La semaine, passée, inauguration d'un nouveau temple antoiniste. Les Bruxellois savent-ils même au juste ce que c'est que d'antoinisme ? Il y eut naguère, dans la région sérésienne, un brave homme nommé Antoine, dont le déisme très pur, la morale très simple et très élevée faisaient une manière de saint laïc – ou plutôt, à demi-laïc, car le bon Antoine, que ses fidèles appelaient le Père, fonda une religion où l'on enseigne les principes essentiels du christianisme ; le Père Antoine y apparaît comme un prophète spécialement inspiré.
Ce qui a fait le succès de l'antoinisme, c'est qu'il s'est présenté comme une religion thaumaturgique, dont tous les miracles sont, du reste, exclusivement, des guérisons. Après la prière, le Père Antoine priait Dieu de soulager les patients rassemblés ; il leur imposait les mains et les améliorations étaient nombreuses. Depuis la mort du Père, sa veuve, Mère Antoine, associée depuis longtemps à son apostolat, a repris entièrement le pontificat et la direction du nouveau culte.
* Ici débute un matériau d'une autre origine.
text \<open>Cards for b balls: trivial cards (Inl q) and throw cards (Inr (q, r, embedding)).\<close>
definition cards :: "nat \<Rightarrow> (nat list + (nat list \<times> nat list \<times> nat list)) set" where
  "cards b = Inl ` ordered_partitions b \<union>
     Inr ` {(q, r, is). q \<in> ordered_partitions b \<and> r \<in> ordered_partitions b \<and>
                        is \<in> nontrivial_embeddings q r}"

definition num_cards :: "nat \<Rightarrow> nat" where
  "num_cards b = card (cards b)"

end

theory Submission
  imports Defs
begin

text \<open>
  Fix the right partition \<open>r = (r\<^sub>1, \<dots>, r\<^sub>l)\<close> of \<open>b\<close>.  Dropping \<open>q\<^sub>1\<close>, the throw cards
  with right partition \<open>r\<close> are the embeddings into \<open>r\<close> of ordered partitions of numbers
  below \<open>b\<close>, while the trivial card with partition \<open>r\<close> corresponds to the only embedding of
  an ordered partition of \<open>b\<close> itself, namely \<open>r\<close> into \<open>r\<close>.  So the cards with right
  partition \<open>r\<close> are all embeddings into \<open>r\<close> of ordered partitions of at most \<open>b\<close>; such an
  embedding puts on each part \<open>r\<^sub>i\<close> either nothing or a value in \<open>1..r\<^sub>i\<close>, so there are
  \<open>\<Prod>(r\<^sub>i + 1)\<close> of them.  Splitting off the first part of \<open>r\<close> gives the convolution
  \<open>a\<^sub>n = \<Sum>\<^sub>k\<^sub><\<^sub>n (n - k + 1) a\<^sub>k\<close> for \<open>n \<ge> 1\<close>, and taking differences twice yields the
  recurrence.
\<close>

definition embeddings :: "nat list \<Rightarrow> nat list \<Rightarrow> nat list set" where
  "embeddings q r = {ks. length ks = length q \<and> sorted_wrt (<) ks \<and>
     (\<forall>i\<in>set ks. i < length r) \<and> (\<forall>j<length ks. q ! j \<le> r ! (ks ! j))}"

fun n_embeddings :: "nat list \<Rightarrow> nat list \<Rightarrow> nat" where
  "n_embeddings q [] = (if q = [] then 1 else 0)"
| "n_embeddings q (y # r) =
     (if q \<noteq> [] \<and> hd q \<le> y then n_embeddings (tl q) r else 0) + n_embeddings q r"

lemma nontrivial_embeddings_Nil [simp]: "nontrivial_embeddings [] r = {}"
  by (simp add: nontrivial_embeddings_def)

lemma nontrivial_embeddings_Cons [simp]: "nontrivial_embeddings (x # q) r = embeddings q r"
  by (auto simp: nontrivial_embeddings_def embeddings_def)

lemma map_Suc_in_embeddings_Cons:
  "map Suc js \<in> embeddings q (y # r) \<longleftrightarrow> js \<in> embeddings q r"
  by (simp add: embeddings_def sorted_wrt_map)

lemma Cons_0_map_Suc_in_embeddings_Cons:
  "0 # map Suc js \<in> embeddings (x # q) (y # r) \<longleftrightarrow> x \<le> y \<and> js \<in> embeddings q r"
  by (auto simp: embeddings_def sorted_wrt_map All_less_Suc2)

lemma sorted_less_shift_cases:
  fixes ks :: "nat list"
  assumes "sorted_wrt (<) ks"
  obtains js where "ks = map Suc js" | js where "ks = 0 # map Suc js"
proof (cases "0 \<in> set ks")
  case True
  then obtain ks' where "ks = 0 # ks'" "\<forall>k\<in>set ks'. 0 < k"
    using assms by (cases ks) auto
  then have "ks = 0 # map Suc (map (\<lambda>k. k - 1) ks')"
    by (simp add: map_idI)
  then show ?thesis by (rule that(2))
next
  case False
  then have "\<forall>k\<in>set ks. 0 < k"
    by (auto intro: gr0I)
  then have "ks = map Suc (map (\<lambda>k. k - 1) ks)"
    by (simp add: map_idI)
  then show ?thesis by (rule that(1))
qed

lemma embeddings_Cons_right:
  "embeddings q (y # r) =
     (if q \<noteq> [] \<and> hd q \<le> y then (\<lambda>js. 0 # map Suc js) ` embeddings (tl q) r else {})
     \<union> map Suc ` embeddings q r" (is "_ = ?rhs")
proof (intro equalityI subsetI)
  fix ks assume ks: "ks \<in> embeddings q (y # r)"
  then have "sorted_wrt (<) ks" by (simp add: embeddings_def)
  then show "ks \<in> ?rhs"
  proof (cases rule: sorted_less_shift_cases)
    case (1 js)
    then show ?thesis using ks by (auto simp: map_Suc_in_embeddings_Cons)
  next
    case (2 js)
    then obtain x q' where "q = x # q'" using ks by (cases q) (auto simp: embeddings_def)
    then show ?thesis using 2 ks by (auto simp: Cons_0_map_Suc_in_embeddings_Cons)
  qed
next
  fix ks assume "ks \<in> ?rhs"
  then show "ks \<in> embeddings q (y # r)"
    by (cases q)
      (auto simp: map_Suc_in_embeddings_Cons Cons_0_map_Suc_in_embeddings_Cons split: if_splits)
qed

lemma finite_embeddings: "finite (embeddings q r)"
proof (rule finite_subset)
  show "embeddings q r \<subseteq> {ks. set ks \<subseteq> {..<length r} \<and> length ks = length q}"
    by (auto simp: embeddings_def)
qed (simp add: finite_lists_length_eq)

lemma card_embeddings: "card (embeddings q r) = n_embeddings q r"
proof (induction r arbitrary: q)
  case Nil
  have "embeddings q [] = (if q = [] then {[]} else {})"
    by (auto simp: embeddings_def)
  then show ?case by simp
next
  case (Cons y r)
  let ?A = "if q \<noteq> [] \<and> hd q \<le> y then (\<lambda>js. 0 # map Suc js) ` embeddings (tl q) r else {}"
  let ?B = "map Suc ` embeddings q r"
  have "inj_on (\<lambda>js. 0 # map Suc js) A" "inj_on (map Suc) A" for A :: "nat list set"
    by (auto simp: inj_on_def)
  then have "card ?A = (if q \<noteq> [] \<and> hd q \<le> y then n_embeddings (tl q) r else 0)"
    and "card ?B = n_embeddings q r"
    using Cons.IH by (simp_all add: card_image)
  moreover have "?A \<inter> ?B = {}" by auto
  ultimately show ?case
    by (simp add: embeddings_Cons_right card_Un_disjoint finite_embeddings)
qed

lemma n_embeddings_eq_0: "sum_list r < sum_list q \<Longrightarrow> n_embeddings q r = 0"
proof (induction r arbitrary: q)
  case (Cons y r)
  then show ?case by (cases q) auto
qed auto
Celui-ci a eu un succès énorme dans toute la banlieue ouvrière de Liége ; Seraing, Ougrée, Jemeppe fourmillent d'antoinistes. II y a du reste des petites églises dans toute la Meuse et, le dimanche, on voit circuler des prêtres et des diaconesses antoinistes qui vont répandre la bonne parole dans ces petites communautés. Les prêtres ont à peu près le costume des prêtres catholiques en Allemagne, avec un chapeau haut de forme tronqué à mi-hauteur, lequel a dû être inventé par un antoiniste peu exigeant en matière d'esthétique vestimentaire. Les religieuses portent un voile noir sur une coiffe tuyautée qui ne cache pas entièrement les cheveux.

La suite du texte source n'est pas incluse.